_Task details_: What does the data read, word for word, from the line containing "y \<noteq> lvar" through its final line? Give those lines only.

*** Opening of Data shown ***

lemma finite_var_cs: "is_clause_set F \<Longrightarrow> finite (var_cs F)"
  by (simp add: is_clause_set_def is_clause_def var_cs_def var_cl_def)

lemma sDP_step_card_var_cs_less:
  assumes sat: "saturated F" and step: "sDP_step F G"
  shows "card (var_cs G) < card (var_cs F)"
proof -
  obtain x C where x: "{E\<in>F. x \<in> E} = {C}" "G = assign x F"
    using step unfolding saturated_sDP_step_iff[OF sat] by (elim exE conjE)
  then have "C \<in> F" "x \<in> C" by auto
  then have "lvar x \<in> var_cs F" by (auto simp: var_cs_def var_cl_def)
  with x(2) have "var_cs G \<subset> var_cs F" using var_cs_assign[of x F] by blast
  moreover have "finite (var_cs F)"
    using sat by (intro finite_var_cs) (simp add: saturated_def MU_def)
  ultimately show ?thesis by (rule psubset_card_mono[rotated])
qed

lemma assign_unique_occurrence:
  assumes sat: "saturated F" and ux: "{E\<in>F. x \<in> E} = {C}" and uy: "{E\<in>F. y \<in> E} = {C'}"
    and xy: "lvar y \<noteq> lvar x"
  shows "{E\<in>assign x F. y \<in> E} = {C' - {comp x}}"
proof -
  have mu: "F \<in> MU" using sat by (simp add: saturated_def)
  note C = unique_occurrenceD[OF ux] and C' = unique_occurrenceD[OF uy]
  have y: "y \<noteq> x" "y \<noteq> comp x" using xy by auto
  have "x \<notin> C'"
  proof
    assume "x \<in> C'"
    then have "C' = C" using C(3) C'(1) by blast
    obtain D where D: "D \<in> F" "comp x \<in> D" using MU_comp_occurs[OF mu C(1,2)] by blast
    have "y \<in> D"
      using saturated_unique_occurrence_subset[OF sat ux D] \<open>C' = C\<close> C'(2) y(1) by blast
    then have "D = C'" using C'(3) D(1) by blast
    with D \<open>x \<in> C'\<close> MU_comp_notin_clause[OF mu C'(1)] show False by simp
  qed
  with C'(1) have in_assign: "C' - {comp x} \<in> assign x F" by (rule assignI)
  have only_C': "E' = C' - {comp x}" if E': "E' \<in> assign x F" "y \<in> E'" for E'
  proof -
    obtain E where E: "E \<in> F" "E' = E - {comp x}" using E'(1) by (rule assignE)
    with E'(2) have "E = C'" using C'(3) by blast
    with E show ?thesis by simp
  qed
  show ?thesis
  proof (rule set_eqI)
    fix E'
    show "E' \<in> {E\<in>assign x F. y \<in> E} \<longleftrightarrow> E' \<in> {C' - {comp x}}"
      using in_assign only_C'[of E'] C'(2) y by auto
  qed
qed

*** Close of Data shown ***

_Exercise result_:
    and xy: "lvar y \<noteq> lvar x"
  shows "{E\<in>assign x F. y \<in> E} = {C' - {comp x}}"
proof -
  have mu: "F \<in> MU" using sat by (simp add: saturated_def)
  note C = unique_occurrenceD[OF ux] and C' = unique_occurrenceD[OF uy]
  have y: "y \<noteq> x" "y \<noteq> comp x" using xy by auto
  have "x \<notin> C'"
  proof
    assume "x \<in> C'"
    then have "C' = C" using C(3) C'(1) by blast
    obtain D where D: "D \<in> F" "comp x \<in> D" using MU_comp_occurs[OF mu C(1,2)] by blast
    have "y \<in> D"
      using saturated_unique_occurrence_subset[OF sat ux D] \<open>C' = C\<close> C'(2) y(1) by blast
    then have "D = C'" using C'(3) D(1) by blast
    with D \<open>x \<in> C'\<close> MU_comp_notin_clause[OF mu C'(1)] show False by simp
  qed
  with C'(1) have in_assign: "C' - {comp x} \<in> assign x F" by (rule assignI)
  have only_C': "E' = C' - {comp x}" if E': "E' \<in> assign x F" "y \<in> E'" for E'
  proof -
    obtain E where E: "E \<in> F" "E' = E - {comp x}" using E'(1) by (rule assignE)
    with E'(2) have "E = C'" using C'(3) by blast
    with E show ?thesis by simp
  qed
  show ?thesis
  proof (rule set_eqI)
    fix E'
    show "E' \<in> {E\<in>assign x F. y \<in> E} \<longleftrightarrow> E' \<in> {C' - {comp x}}"
      using in_assign only_C'[of E'] C'(2) y by auto
  qed
qed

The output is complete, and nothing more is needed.